▶ SUPPLIED MATERIAL:
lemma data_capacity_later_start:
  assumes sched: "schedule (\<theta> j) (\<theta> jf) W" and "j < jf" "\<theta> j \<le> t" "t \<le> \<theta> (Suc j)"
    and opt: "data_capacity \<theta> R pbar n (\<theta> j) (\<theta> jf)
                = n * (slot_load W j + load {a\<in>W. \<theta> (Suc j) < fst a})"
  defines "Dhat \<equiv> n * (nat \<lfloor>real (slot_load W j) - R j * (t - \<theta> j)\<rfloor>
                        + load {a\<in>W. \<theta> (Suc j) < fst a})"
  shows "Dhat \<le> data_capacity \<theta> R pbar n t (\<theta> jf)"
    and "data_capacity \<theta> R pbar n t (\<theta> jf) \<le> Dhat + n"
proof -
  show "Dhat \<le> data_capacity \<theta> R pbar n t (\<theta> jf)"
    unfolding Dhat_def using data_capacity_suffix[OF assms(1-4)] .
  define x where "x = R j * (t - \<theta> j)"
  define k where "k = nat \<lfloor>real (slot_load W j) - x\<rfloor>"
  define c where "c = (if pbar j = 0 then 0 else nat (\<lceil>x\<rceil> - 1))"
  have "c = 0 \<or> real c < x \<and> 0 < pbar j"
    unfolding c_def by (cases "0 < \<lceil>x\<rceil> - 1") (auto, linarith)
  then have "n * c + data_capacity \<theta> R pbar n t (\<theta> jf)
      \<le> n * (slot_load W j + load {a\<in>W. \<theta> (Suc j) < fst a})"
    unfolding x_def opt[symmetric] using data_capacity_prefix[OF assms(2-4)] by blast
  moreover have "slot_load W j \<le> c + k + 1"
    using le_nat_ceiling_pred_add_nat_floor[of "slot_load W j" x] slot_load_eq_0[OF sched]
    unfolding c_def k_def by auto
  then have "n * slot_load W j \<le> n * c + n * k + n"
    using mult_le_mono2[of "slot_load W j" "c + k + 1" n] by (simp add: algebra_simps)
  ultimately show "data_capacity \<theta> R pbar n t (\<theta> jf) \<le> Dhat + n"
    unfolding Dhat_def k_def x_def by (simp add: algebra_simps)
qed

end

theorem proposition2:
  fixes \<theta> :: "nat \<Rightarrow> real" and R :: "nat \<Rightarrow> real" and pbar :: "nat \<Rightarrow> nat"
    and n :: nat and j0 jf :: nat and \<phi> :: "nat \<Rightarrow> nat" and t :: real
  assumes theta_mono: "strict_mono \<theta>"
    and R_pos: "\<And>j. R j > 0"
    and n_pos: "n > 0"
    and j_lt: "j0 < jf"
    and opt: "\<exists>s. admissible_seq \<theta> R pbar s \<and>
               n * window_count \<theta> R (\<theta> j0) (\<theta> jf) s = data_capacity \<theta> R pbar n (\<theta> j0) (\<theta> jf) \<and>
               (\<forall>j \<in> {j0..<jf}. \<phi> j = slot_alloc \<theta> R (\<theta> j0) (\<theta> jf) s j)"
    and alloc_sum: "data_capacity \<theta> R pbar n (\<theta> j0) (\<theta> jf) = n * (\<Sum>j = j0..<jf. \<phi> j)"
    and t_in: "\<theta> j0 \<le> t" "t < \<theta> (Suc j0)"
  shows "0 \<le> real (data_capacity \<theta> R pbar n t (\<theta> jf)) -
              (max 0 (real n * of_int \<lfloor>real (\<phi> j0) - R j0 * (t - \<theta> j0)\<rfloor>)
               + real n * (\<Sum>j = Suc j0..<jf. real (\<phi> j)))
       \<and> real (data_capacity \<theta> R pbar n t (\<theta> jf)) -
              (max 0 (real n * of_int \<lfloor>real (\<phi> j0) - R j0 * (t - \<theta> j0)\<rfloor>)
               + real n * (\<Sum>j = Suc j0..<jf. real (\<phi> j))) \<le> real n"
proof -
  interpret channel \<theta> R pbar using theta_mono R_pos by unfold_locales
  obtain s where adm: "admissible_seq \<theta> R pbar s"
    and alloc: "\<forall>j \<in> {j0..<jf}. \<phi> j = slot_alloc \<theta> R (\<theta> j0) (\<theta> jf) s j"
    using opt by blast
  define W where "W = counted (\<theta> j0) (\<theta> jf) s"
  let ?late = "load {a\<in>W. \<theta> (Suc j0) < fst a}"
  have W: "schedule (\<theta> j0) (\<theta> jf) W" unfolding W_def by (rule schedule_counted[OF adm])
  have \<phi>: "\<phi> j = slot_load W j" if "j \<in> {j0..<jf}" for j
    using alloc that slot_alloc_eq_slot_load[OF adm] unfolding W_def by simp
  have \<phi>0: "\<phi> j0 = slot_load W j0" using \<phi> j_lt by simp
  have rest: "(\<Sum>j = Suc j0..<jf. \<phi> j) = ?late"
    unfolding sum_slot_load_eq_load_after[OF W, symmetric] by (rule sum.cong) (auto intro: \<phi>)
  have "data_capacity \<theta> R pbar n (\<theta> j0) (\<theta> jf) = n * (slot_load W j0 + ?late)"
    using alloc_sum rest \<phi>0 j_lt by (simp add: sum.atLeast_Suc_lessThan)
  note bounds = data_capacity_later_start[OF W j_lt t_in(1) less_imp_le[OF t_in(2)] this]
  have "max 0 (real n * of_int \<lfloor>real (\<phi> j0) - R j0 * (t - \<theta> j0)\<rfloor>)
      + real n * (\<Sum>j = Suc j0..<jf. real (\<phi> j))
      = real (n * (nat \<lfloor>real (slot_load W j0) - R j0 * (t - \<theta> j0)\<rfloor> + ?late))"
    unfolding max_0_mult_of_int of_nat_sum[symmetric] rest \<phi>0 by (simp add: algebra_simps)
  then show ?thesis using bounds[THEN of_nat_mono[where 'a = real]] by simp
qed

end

==

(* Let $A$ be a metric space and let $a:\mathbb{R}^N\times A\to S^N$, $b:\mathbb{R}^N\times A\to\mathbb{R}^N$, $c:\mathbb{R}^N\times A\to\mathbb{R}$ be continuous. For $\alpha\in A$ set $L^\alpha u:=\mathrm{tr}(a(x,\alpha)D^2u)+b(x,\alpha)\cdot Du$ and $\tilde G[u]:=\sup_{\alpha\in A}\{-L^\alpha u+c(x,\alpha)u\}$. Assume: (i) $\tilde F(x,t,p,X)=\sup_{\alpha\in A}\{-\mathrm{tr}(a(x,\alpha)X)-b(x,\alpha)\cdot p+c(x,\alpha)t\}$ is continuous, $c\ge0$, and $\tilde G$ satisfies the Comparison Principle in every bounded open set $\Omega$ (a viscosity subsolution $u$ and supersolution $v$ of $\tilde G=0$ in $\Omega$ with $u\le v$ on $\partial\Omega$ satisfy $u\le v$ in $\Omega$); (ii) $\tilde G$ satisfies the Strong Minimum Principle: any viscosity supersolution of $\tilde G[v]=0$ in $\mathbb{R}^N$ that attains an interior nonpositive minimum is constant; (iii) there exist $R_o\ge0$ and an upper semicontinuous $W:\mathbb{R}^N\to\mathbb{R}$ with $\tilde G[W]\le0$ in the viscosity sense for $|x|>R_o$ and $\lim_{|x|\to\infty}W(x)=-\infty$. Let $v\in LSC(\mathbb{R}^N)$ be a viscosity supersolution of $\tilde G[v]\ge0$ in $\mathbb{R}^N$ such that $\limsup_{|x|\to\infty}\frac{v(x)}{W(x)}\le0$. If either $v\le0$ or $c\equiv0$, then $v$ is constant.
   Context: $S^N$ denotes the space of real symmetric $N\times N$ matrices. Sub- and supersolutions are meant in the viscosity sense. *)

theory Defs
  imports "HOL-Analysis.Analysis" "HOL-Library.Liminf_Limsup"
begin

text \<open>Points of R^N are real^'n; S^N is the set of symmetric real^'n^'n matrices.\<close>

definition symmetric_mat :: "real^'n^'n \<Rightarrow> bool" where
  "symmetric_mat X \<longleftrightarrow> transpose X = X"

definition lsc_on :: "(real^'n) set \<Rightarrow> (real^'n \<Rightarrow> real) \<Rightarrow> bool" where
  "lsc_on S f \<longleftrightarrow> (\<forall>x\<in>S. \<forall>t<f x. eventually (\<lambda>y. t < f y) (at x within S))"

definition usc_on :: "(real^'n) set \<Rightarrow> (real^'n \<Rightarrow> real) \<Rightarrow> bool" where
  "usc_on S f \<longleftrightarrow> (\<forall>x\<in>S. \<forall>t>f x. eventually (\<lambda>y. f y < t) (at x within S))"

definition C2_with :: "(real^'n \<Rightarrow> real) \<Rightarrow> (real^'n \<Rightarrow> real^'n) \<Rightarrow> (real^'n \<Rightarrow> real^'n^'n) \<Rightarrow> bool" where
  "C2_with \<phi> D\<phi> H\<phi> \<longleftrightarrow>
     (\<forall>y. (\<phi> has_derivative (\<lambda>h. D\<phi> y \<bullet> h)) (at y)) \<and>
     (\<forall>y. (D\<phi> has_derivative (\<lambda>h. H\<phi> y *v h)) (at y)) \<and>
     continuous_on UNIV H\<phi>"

---

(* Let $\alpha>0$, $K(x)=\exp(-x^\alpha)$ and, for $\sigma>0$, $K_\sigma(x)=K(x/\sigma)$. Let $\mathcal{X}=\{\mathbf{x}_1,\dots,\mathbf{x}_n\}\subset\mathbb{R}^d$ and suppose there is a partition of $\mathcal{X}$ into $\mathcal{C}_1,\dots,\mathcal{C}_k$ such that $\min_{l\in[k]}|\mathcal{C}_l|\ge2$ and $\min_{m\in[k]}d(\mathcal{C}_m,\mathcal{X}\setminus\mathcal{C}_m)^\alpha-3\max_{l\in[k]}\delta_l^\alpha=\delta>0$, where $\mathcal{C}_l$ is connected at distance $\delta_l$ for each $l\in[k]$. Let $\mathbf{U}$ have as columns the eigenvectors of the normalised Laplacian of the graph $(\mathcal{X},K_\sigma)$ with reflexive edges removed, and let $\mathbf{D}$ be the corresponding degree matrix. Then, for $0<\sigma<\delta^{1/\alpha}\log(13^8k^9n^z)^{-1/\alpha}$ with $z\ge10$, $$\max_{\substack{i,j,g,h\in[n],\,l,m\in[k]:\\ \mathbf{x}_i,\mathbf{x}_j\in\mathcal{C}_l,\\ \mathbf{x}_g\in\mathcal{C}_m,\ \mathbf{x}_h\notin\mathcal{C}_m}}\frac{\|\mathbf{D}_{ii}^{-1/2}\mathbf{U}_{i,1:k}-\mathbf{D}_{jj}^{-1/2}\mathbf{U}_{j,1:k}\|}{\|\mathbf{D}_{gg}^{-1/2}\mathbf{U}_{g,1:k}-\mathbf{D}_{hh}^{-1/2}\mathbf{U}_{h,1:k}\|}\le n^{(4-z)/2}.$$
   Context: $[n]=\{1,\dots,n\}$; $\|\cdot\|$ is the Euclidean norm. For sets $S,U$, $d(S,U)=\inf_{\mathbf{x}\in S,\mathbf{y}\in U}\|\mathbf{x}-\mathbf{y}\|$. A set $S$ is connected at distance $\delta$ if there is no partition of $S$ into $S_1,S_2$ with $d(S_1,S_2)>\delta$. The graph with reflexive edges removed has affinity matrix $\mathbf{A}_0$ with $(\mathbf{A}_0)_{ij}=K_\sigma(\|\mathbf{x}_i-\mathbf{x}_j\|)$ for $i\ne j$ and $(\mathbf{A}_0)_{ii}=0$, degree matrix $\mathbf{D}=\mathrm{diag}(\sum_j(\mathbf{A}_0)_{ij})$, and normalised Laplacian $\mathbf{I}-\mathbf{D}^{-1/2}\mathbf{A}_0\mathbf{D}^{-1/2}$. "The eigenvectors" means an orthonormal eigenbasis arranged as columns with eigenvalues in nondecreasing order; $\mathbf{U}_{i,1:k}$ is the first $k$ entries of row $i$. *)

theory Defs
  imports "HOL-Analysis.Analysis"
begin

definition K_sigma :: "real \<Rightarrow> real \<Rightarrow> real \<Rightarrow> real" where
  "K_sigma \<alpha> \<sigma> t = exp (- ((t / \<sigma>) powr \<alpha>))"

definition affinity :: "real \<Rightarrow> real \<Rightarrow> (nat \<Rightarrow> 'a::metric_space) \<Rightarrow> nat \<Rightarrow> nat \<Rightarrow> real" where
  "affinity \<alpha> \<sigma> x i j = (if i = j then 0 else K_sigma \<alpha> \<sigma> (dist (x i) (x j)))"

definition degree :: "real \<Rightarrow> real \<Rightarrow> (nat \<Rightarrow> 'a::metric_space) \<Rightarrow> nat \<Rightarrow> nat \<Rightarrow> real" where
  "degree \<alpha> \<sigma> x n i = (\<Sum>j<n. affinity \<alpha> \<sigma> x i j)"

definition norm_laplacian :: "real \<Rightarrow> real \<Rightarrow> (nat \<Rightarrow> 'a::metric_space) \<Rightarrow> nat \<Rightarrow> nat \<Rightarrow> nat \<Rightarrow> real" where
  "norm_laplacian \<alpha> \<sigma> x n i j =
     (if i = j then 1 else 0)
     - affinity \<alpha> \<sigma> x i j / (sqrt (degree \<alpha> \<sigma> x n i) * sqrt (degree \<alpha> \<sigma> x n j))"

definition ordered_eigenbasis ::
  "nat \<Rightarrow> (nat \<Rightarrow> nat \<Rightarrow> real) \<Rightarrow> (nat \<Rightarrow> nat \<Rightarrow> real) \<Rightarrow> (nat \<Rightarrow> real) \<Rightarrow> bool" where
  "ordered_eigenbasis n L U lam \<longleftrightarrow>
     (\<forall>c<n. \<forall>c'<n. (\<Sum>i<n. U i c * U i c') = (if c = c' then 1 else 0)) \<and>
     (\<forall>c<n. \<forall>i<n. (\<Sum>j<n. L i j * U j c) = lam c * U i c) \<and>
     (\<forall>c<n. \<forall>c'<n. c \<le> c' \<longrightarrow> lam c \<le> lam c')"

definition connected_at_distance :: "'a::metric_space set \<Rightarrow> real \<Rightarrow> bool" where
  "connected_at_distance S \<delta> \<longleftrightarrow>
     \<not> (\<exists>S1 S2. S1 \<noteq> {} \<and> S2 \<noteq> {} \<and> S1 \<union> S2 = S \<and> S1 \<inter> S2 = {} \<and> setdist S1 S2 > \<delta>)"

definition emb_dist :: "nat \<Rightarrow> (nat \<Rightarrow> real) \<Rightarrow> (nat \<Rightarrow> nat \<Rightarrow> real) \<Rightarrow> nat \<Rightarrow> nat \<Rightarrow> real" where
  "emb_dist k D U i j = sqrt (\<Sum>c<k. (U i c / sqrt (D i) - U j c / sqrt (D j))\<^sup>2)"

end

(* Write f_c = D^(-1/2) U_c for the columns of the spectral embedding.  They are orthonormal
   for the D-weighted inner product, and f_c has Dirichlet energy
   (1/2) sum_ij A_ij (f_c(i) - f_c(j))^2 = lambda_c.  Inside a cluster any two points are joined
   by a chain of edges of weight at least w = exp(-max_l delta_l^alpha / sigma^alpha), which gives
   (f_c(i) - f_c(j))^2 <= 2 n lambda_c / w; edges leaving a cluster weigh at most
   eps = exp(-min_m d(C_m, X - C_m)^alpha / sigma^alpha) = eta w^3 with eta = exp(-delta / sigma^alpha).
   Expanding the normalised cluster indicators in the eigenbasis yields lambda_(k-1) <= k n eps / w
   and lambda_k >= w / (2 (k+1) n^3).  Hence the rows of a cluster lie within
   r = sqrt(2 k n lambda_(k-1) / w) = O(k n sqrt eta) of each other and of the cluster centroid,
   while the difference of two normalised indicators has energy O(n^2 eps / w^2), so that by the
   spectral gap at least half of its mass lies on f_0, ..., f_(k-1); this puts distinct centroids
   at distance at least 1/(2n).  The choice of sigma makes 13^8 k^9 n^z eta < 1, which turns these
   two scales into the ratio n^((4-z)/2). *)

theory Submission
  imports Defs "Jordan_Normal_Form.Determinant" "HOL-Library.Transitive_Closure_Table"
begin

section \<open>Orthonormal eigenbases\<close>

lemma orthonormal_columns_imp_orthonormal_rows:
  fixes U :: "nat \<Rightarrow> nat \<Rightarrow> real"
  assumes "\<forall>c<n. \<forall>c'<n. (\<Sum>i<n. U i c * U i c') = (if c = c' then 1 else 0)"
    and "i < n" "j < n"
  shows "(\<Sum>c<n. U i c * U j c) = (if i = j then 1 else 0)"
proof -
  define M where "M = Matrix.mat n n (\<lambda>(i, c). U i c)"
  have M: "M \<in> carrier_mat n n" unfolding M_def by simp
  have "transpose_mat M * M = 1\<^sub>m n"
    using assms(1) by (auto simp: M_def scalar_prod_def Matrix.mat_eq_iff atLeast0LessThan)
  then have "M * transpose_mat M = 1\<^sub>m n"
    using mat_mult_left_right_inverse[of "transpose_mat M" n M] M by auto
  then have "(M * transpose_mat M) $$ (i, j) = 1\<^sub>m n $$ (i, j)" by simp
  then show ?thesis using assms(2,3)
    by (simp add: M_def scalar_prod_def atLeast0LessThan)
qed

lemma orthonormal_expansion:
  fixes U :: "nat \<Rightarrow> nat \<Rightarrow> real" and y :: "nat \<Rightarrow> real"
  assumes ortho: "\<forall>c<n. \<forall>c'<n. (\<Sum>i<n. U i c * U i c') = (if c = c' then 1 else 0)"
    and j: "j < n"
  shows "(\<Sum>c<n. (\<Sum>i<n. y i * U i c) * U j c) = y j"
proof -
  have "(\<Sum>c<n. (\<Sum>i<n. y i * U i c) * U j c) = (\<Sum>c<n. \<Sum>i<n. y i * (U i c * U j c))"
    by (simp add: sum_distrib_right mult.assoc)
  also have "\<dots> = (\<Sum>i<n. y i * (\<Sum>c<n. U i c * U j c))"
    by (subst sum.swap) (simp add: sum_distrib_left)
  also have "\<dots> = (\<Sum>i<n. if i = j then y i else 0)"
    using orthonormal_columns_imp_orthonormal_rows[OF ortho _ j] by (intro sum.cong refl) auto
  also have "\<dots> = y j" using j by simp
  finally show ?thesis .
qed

▶ EXERCISE:
Find the string "unfolding" in the records, then copy each line where it occurs.

▶ RESPONSE AREA:
    unfolding Dhat_def using data_capacity_suffix[OF assms(1-4)] .
    unfolding c_def by (cases "0 < \<lceil>x\<rceil> - 1") (auto, linarith)
    unfolding x_def opt[symmetric] using data_capacity_prefix[OF assms(2-4)] by blast
    unfolding c_def k_def by auto
    unfolding Dhat_def k_def x_def by (simp add: algebra_simps)
  have W: "schedule (\<theta> j0) (\<theta> jf) W" unfolding W_def by (rule schedule_counted[OF adm])
    using alloc that slot_alloc_eq_slot_load[OF adm] unfolding W_def by simp
    unfolding sum_slot_load_eq_load_after[OF W, symmetric] by (rule sum.cong) (auto intro: \<phi>)
    unfolding max_0_mult_of_int of_nat_sum[symmetric] rest \<phi>0 by (simp add: algebra_simps)
  have M: "M \<in> carrier_mat n n" unfolding M_def by simp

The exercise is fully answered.